Monday marked 75 years since Auschwitz was liberated, the day which since 2001 the UK has marked as Holocaust Memorial Day. It commemorates the six million murdered by the Nazis, along with the victims of subsequent genocides in Cambodia, Rwanda, Bosnia, and Darfur. It seems a sad failure that for 75 years we have declared “Never again” while Khmer, Tutsi, Twa, Bosniak, Croat and Darfuris have added to the numbers we commemorate this week. And this fails to mention all those who have been massacred, but whom politics refuse to label as genocide. The Rohingya, Uigyher and Yazidi are in most recent memory.
 
Never Again
 
On this 75th anniversary, the talk has been about memory. As those who remember the death camps pass away, there is a fear that we will forget the lessons of history. One of the images circulating social media shows the Auschwitz gates superimposed with the words:

“Remember, it didn’t start with gas chambers. It started with politicians dividing people with ‘us vs. them’. It started with intolerance and hate speech and when people stopped caring became desensitized and turned a blind eye.”
 
Never Again
 
I saw that quote again this week on Twitter.

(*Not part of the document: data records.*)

lemma eval_sz_le:
  assumes "eval \<Sigma> e v" "v = VInt a"
    and "\<And>x b. x \<in> expr_vars e \<Longrightarrow> \<Sigma> x = Some (VInt b) \<Longrightarrow> sz b \<le> n"
  shows "sz a \<le> n + expr_weight e"
  using assms
proof (induction arbitrary: a rule: eval.induct)
  case (EvOp \<Sigma> es vs f v)
  let ?S = "sum_list (map expr_weight es)"
  have "sz b \<le> n + ?S" if b: "VInt b \<in> set vs" for b
  proof -
    have "length es = length vs"
      using EvOp.IH by (rule list_all2_lengthD)
    then obtain j where j: "j < length es" "vs ! j = VInt b"
      using b by (auto simp: in_set_conv_nth)
    have "sz b \<le> n + expr_weight (es ! j)"
      using EvOp.IH EvOp.prems(2) j nth_mem[of j es] by (fastforce simp: list_all2_conv_all_nth)
    also have "expr_weight (es ! j) \<le> ?S"
      using j(1) by (metis elem_le_sum_list length_map nth_map)
    finally show ?thesis by simp
  qed
  then show ?case using apply_op_sz_le EvOp by fastforce
qed auto

lemma op_typ_IInt_args: "op_typ f ts IInt \<Longrightarrow> t \<in> set ts \<Longrightarrow> t = IInt"
  by (auto elim!: op_typ.cases simp: ty_sup_def split: if_splits)

lemma etyp_IInt_vars: "etyp \<Gamma> l e t \<Longrightarrow> t = IInt \<Longrightarrow> x \<in> expr_vars e \<Longrightarrow> \<Gamma> x = Some IInt"
proof (induction rule: etyp.induct)
  case (TyOp \<Gamma> l es ts f t)
  then obtain j where j: "j < length es" "x \<in> expr_vars (es ! j)"
    by (auto simp: in_set_conv_nth)
  moreover have "ts ! j = IInt"
    using TyOp j op_typ_IInt_args by (auto simp: list_all2_conv_all_nth)
  ultimately show ?case using TyOp.IH by (auto simp: list_all2_conv_all_nth)
qed auto

inductive_cases EvOpE: "eval \<Sigma> (EOp f es) v"

lemma eval_Size_VInt:
  assumes "eval \<Sigma> (EOp Size [e]) (VInt i)"
  obtains a where "eval \<Sigma> e (VInt a)" "i = int (sz a)"
proof -
  from assms obtain v where "eval \<Sigma> e v" "apply_op Size [v] = Some (VInt i)"
    by (auto elim!: EvOpE simp: list_all2_Cons1)
  then show ?thesis
    using that by (cases v) (auto simp: apply_op_def)
qed

inductive_cases TyOpE: "etyp \<Gamma> l (EOp f es) t"

lemma etyp_Size_arg:
  assumes "etyp \<Gamma> l (EOp Size [e]) t"
  shows "etyp \<Gamma> l e IInt"
proof -
  obtain ts where "list_all2 (etyp \<Gamma> l) [e] ts" "op_typ Size ts t"
    using assms by (elim TyOpE)
  moreover from this(2) have "ts = [IInt]"
    by (cases rule: op_typ.cases) auto
  ultimately show ?thesis
    by simp
qed

definition bounded_store :: "tenv \<Rightarrow> store \<Rightarrow> nat \<Rightarrow> nat \<Rightarrow> bool" where
  "bounded_store \<Gamma> \<Sigma> k m \<longleftrightarrow>
     (\<forall>x a. \<Gamma> x = Some IInt \<longrightarrow> \<Sigma> x = Some (VInt a) \<longrightarrow> sz a \<le> k) \<and>
     (\<forall>x a. \<Sigma> x = Some (VInt a) \<longrightarrow> sz a \<le> m)"

lemma bounded_store_mono:
  "bounded_store \<Gamma> \<Sigma> k m \<Longrightarrow> \<Gamma>' \<subseteq>\<^sub>m \<Gamma> \<Longrightarrow> k \<le> k' \<Longrightarrow> m \<le> m' \<Longrightarrow> bounded_store \<Gamma>' \<Sigma> k' m'"
  unfolding bounded_store_def map_le_def by (metis domI order_trans)

lemma bounded_store_upd:
  assumes "bounded_store \<Gamma> \<Sigma> k m"
    and "\<And>a. v = VInt a \<Longrightarrow> sz a \<le> m" and "\<And>a. t = IInt \<Longrightarrow> v = VInt a \<Longrightarrow> sz a \<le> k"
  shows "bounded_store (\<Gamma>(x \<mapsto> t)) (\<Sigma>(x \<mapsto> v)) k m"
  using assms unfolding bounded_store_def by auto

lemma bounded_store_frame:
  assumes "bounded_store \<Gamma> \<Sigma>' k' m'" "bounded_store \<Gamma> \<Sigma> k m"
    and "\<forall>y. \<Gamma> y = Some IInt \<longrightarrow> \<Sigma>' y = \<Sigma> y"
  shows "bounded_store \<Gamma> \<Sigma>' k m'"
  using assms unfolding bounded_store_def by metis

lemma eval_sz_le_bound:
  "bounded_store \<Gamma> \<Sigma> k m \<Longrightarrow> eval \<Sigma> e (VInt a) \<Longrightarrow> sz a \<le> m + expr_weight e"
  unfolding bounded_store_def by (blast intro: eval_sz_le)

lemma eval_IInt_sz_le_bound:
  "bounded_store \<Gamma> \<Sigma> k m \<Longrightarrow> etyp \<Gamma> l e IInt \<Longrightarrow> eval \<Sigma> e (VInt a) \<Longrightarrow> sz a \<le> k + expr_weight e"
  unfolding bounded_store_def by (blast intro: eval_sz_le dest: etyp_IInt_vars)

inductive_cases ExDeclE: "exec \<Sigma> (SDecl t x) \<Sigma>'"
inductive_cases ExAssignE: "exec \<Sigma> (SAssign x e) \<Sigma>'"
inductive_cases ExBlockE: "exec \<Sigma> (SBlock ss) \<Sigma>'"
inductive_cases ExIfE: "exec \<Sigma> (SIf e s1 s2) \<Sigma>'"
inductive_cases ExForE: "exec \<Sigma> (SFor x e s) \<Sigma>'"
inductive_cases SeqNilE: "exec_seq \<Sigma> [] \<Sigma>'"
inductive_cases SeqConsE: "exec_seq \<Sigma> (s # ss) \<Sigma>'"

inductive_cases TsDeclE: "styp \<Gamma> l (SDecl t x) \<Gamma>'"
inductive_cases TsAssignE: "styp \<Gamma> l (SAssign x e) \<Gamma>'"
inductive_cases TsBlockE: "styp \<Gamma> l (SBlock ss) \<Gamma>'"
inductive_cases TsIfE: "styp \<Gamma> l (SIf e s1 s2) \<Gamma>'"
inductive_cases TsForE: "styp \<Gamma> l (SFor x e s) \<Gamma>'"
inductive_cases TsConsE: "styp_seq \<Gamma> l (s # ss) \<Gamma>'"

lemma styp_map_le:
  "styp \<Gamma> l s \<Gamma>' \<Longrightarrow> \<Gamma> \<subseteq>\<^sub>m \<Gamma>'"
  "styp_seq \<Gamma> l ss \<Gamma>' \<Longrightarrow> \<Gamma> \<subseteq>\<^sub>m \<Gamma>'"
  by (induction rule: styp_styp_seq.inducts) (auto simp: map_le_def, metis domI)

lemma exec_preserves_IInt_vars:
  "exec \<Sigma> s \<Sigma>' \<Longrightarrow> styp \<Gamma> True s \<Gamma>' \<Longrightarrow> \<Gamma> y = Some IInt \<Longrightarrow> \<Sigma>' y = \<Sigma> y"
  "exec_seq \<Sigma> ss \<Sigma>' \<Longrightarrow> styp_seq \<Gamma> True ss \<Gamma>' \<Longrightarrow> \<Gamma> y = Some IInt \<Longrightarrow> \<Sigma>' y = \<Sigma> y"
  "exec_loop x s i j \<Sigma> \<Sigma>' \<Longrightarrow> styp \<Gamma> True s \<Gamma>' \<Longrightarrow> \<Gamma> y = Some IInt \<Longrightarrow> y \<noteq> x \<Longrightarrow>
     \<Sigma>' y = \<Sigma> y"
proof (induction arbitrary: \<Gamma> \<Gamma>' and \<Gamma> \<Gamma>' and \<Gamma> \<Gamma>' rule: exec_exec_seq_exec_loop.inducts)
  case (ExFor \<Sigma> e i x s \<Sigma>')
  from ExFor.prems(1) obtain \<Gamma>b where "x \<notin> dom \<Gamma>" "styp (\<Gamma>(x \<mapsto> IInt)) True s \<Gamma>b"
    by (elim TsForE)
  moreover from this(1) have "y \<noteq> x"
    using ExFor.prems(2) by auto
  ultimately show ?case
    using ExFor.IH ExFor.prems(2) by (metis fun_upd_other)
next
  case (SeqCons \<Sigma> s \<Sigma>1 ss \<Sigma>')
  from SeqCons.prems(1) obtain \<Gamma>1 where "styp \<Gamma> True s \<Gamma>1" "styp_seq \<Gamma>1 True ss \<Gamma>'"
    by (elim TsConsE)
  with SeqCons show ?case
    using styp_map_le(1) by (metis map_le_def domI)
next
  case (LoopStep j i x \<Sigma> s \<Sigma>1 \<Sigma>')
  then show ?case by (metis fun_upd_other)
qed (auto elim: TsDeclE TsAssignE TsBlockE TsIfE)

lemma exec_loop_induct [consumes 1, case_names Done Step]:
  assumes "exec_loop x s i j \<Sigma> \<Sigma>'"
    and "\<And>j \<Sigma>. \<not> j < i \<Longrightarrow> P j \<Sigma> \<Sigma>"
    and "\<And>j \<Sigma> \<Sigma>1 \<Sigma>'. j < i \<Longrightarrow> exec (\<Sigma>(x \<mapsto> VInt j)) s \<Sigma>1 \<Longrightarrow>
        exec_loop x s i (j + 1) \<Sigma>1 \<Sigma>' \<Longrightarrow> P (j + 1) \<Sigma>1 \<Sigma>' \<Longrightarrow> P j \<Sigma> \<Sigma>'"
  shows "P j \<Sigma> \<Sigma>'"
proof -
  have "exec_loop x' s' i' j \<Sigma> \<Sigma>' \<Longrightarrow> x' = x \<longrightarrow> s' = s \<longrightarrow> i' = i \<longrightarrow> P j \<Sigma> \<Sigma>'" for x' s' i'
    by (induction rule: exec_exec_seq_exec_loop.inducts(3)
          [where ?P1.0 = "\<lambda>_ _ _. True" and ?P2.0 = "\<lambda>_ _ _. True"])
       (auto intro: assms(2,3))
  then show ?thesis using assms(1) by blast
qed

lemma power_bound_mono: "(c::nat) \<le> c' \<Longrightarrow> d \<le> d' \<Longrightarrow> c * (k + 1) ^ d \<le> c' * (k + 1) ^ d'"
  by (intro mult_mono power_increasing) auto

lemma loop_cost_le:
  fixes n K k e c d :: nat
  assumes "n \<le> K" "K \<le> k + e"
  shows "n * (K + c * (K + 1) ^ d) \<le> (c + 1) * (e + 1) ^ (d + 2) * (k + 1) ^ (d + 2)"
proof -
  have "K + 1 \<le> (K + 1) ^ (d + 1)"
    by (rule self_le_power) auto
  moreover have "c * (K + 1) ^ d \<le> c * (K + 1) ^ (d + 1)"
    by (intro mult_le_mono2 power_increasing) auto
  ultimately have "K + c * (K + 1) ^ d \<le> (c + 1) * (K + 1) ^ (d + 1)"
    by (simp add: algebra_simps)
  then have "n * (K + c * (K + 1) ^ d) \<le> (K + 1) * ((c + 1) * (K + 1) ^ (d + 1))"
    using assms(1) by (intro mult_le_mono) auto
  also have "\<dots> = (c + 1) * (K + 1) ^ (d + 2)"
    by (simp add: algebra_simps)
  also have "\<dots> \<le> (c + 1) * ((e + 1) * (k + 1)) ^ (d + 2)"
  proof -
    have "K + 1 \<le> (e + 1) * (k + 1)"
      using assms(2) by (simp add: algebra_simps)
    then show ?thesis
      by (intro mult_le_mono2 power_mono) simp_all
  qed
  also have "\<dots> = (c + 1) * (e + 1) ^ (d + 2) * (k + 1) ^ (d + 2)"
    by (simp only: power_mult_distrib mult.assoc)
  finally show ?thesis .
qed

lemma power_bound_compose:
  "(c2::nat) * (c1 * (m + 1) ^ d1 + 1) ^ d2 \<le> c2 * (c1 + 1) ^ d2 * (m + 1) ^ (d1 * d2)"
proof -
  have "c1 * (m + 1) ^ d1 + 1 \<le> (c1 + 1) * (m + 1) ^ d1"
    by (simp add: algebra_simps)
  then have "(c1 * (m + 1) ^ d1 + 1) ^ d2 \<le> ((c1 + 1) * (m + 1) ^ d1) ^ d2"
    by (rule power_mono) simp
  also have "\<dots> = (c1 + 1) ^ d2 * (m + 1) ^ (d1 * d2)"
    by (simp only: power_mult_distrib power_mult)
  finally show ?thesis
    by (simp add: mult.assoc)
qed

lemma power_bound_absorb:
  assumes "0 < d"
  shows "(m::nat) + a + c * (m + 1) ^ d \<le> (c + a + 1) * (m + 1) ^ d"
proof -
  have "m + a + c * X \<le> (c + a + 1) * X" if "m + 1 \<le> X" for X
  proof -
    have "a \<le> a * X"
      using mult_le_mono2[of 1 X a] that by simp
    moreover have "(c + a + 1) * X = c * X + a * X + X"
      by (simp add: algebra_simps)
    ultimately show ?thesis
      using that by linarith
  qed
  moreover have "m + 1 \<le> (m + 1) ^ d"
    using assms by (rule self_le_power[rotated]) simp
  ultimately show ?thesis .
qed

section \<open>Statements inside loops\<close>

definition additive_bound :: "tenv \<Rightarrow> (store \<Rightarrow> store \<Rightarrow> bool) \<Rightarrow> tenv \<Rightarrow> nat \<Rightarrow> nat \<Rightarrow> bool" where
  "additive_bound \<Gamma> R \<Gamma>' c d \<longleftrightarrow> (\<forall>\<Sigma> \<Sigma>' k m. R \<Sigma> \<Sigma>' \<longrightarrow> bounded_store \<Gamma> \<Sigma> k m \<longrightarrow>
     bounded_store \<Gamma>' \<Sigma>' k (m + c * (k + 1) ^ d))"

lemma additive_bound_weaken:
  assumes "additive_bound \<Gamma> R \<Gamma>1 c d" "\<And>\<Sigma> \<Sigma>'. R' \<Sigma> \<Sigma>' \<Longrightarrow> R \<Sigma> \<Sigma>'"
    and "\<Gamma>' \<subseteq>\<^sub>m \<Gamma>1" "c \<le> c'" "d \<le> d'"
  shows "additive_bound \<Gamma> R' \<Gamma>' c' d'"
proof -
  have "c * (k + 1) ^ d \<le> c' * (k + 1) ^ d'" for k
    using assms(4,5) by (rule power_bound_mono)
  then show ?thesis
    using assms(1-3) unfolding additive_bound_def by (meson add_left_mono bounded_store_mono order_refl)
qed

lemma additive_bound_disj:
  "additive_bound \<Gamma> R1 \<Gamma>' c d \<Longrightarrow> additive_bound \<Gamma> R2 \<Gamma>' c d \<Longrightarrow>
    additive_bound \<Gamma> (\<lambda>\<Sigma> \<Sigma>'. R1 \<Sigma> \<Sigma>' \<or> R2 \<Sigma> \<Sigma>') \<Gamma>' c d"
  unfolding additive_bound_def by blast

lemma additive_bound_relcompp:
  assumes "additive_bound \<Gamma> R1 \<Gamma>1 c1 d1" "additive_bound \<Gamma>1 R2 \<Gamma>2 c2 d2"
  shows "additive_bound \<Gamma> (R1 OO R2) \<Gamma>2 (c1 + c2) (d1 + d2)"
  unfolding additive_bound_def
proof (intro allI impI)
  fix \<Sigma> \<Sigma>' k m
  assume "(R1 OO R2) \<Sigma> \<Sigma>'" "bounded_store \<Gamma> \<Sigma> k m"
  then obtain \<Sigma>1 where "R1 \<Sigma> \<Sigma>1" "R2 \<Sigma>1 \<Sigma>'" "bounded_store \<Gamma> \<Sigma> k m"
    by blast
  then have store: "bounded_store \<Gamma>2 \<Sigma>' k (m + c1 * (k + 1) ^ d1 + c2 * (k + 1) ^ d2)"
    using assms unfolding additive_bound_def by blast
  have "c1 * (k + 1) ^ d1 + c2 * (k + 1) ^ d2 \<le> (c1 + c2) * (k + 1) ^ (d1 + d2)"
    using power_bound_mono[of c1 c1 d1 "d1 + d2" k] power_bound_mono[of c2 c2 d2 "d1 + d2" k]
    unfolding add_mult_distrib by (intro add_mono) simp_all
  then show "bounded_store \<Gamma>2 \<Sigma>' k (m + (c1 + c2) * (k + 1) ^ (d1 + d2))"
    by (intro bounded_store_mono[OF store map_le_refl]) simp_all
qed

Sadly, also in my feed was a story reporting yet another attack on a business with anti-Semitic graffiti. Another tweet came from a man who had been harassed and assaulted walking home with his boyfriend in Glasgow. Another announced the government’s latest plans to restrict migration. The latter declared that only “the best” will be “allowed” to come to the UK.
 
I know I’m not the only one who is seeing such tweets and recalls the history of the picketing of Jewish businesses and the smeared graffiti leading up to Kristallnacht in Germany in November 1938. That “night of the broken glass”, when synagogues were torched, Jewish homes, schools and businesses were vandalised and some 100 Jews were killed. In the aftermath, around 30,000 Jewish men were arrested and sent to Nazi concentration camps. Never Again
 
The detention of gay men, who were used for target practice and medical experiments in the concentration camps. Never Again

The MS St. Louis refused safe harbour in America, Canada, and the UK, returning many of its refugees to the hands of the Nazis they were fleeing. Never Again
 
We declare Never Again. Yet just last week young refugee children were denied a safe passage to join family in the UK. We declare Never Again. Yet Roma and Traveller communities are to be stripped of their rights.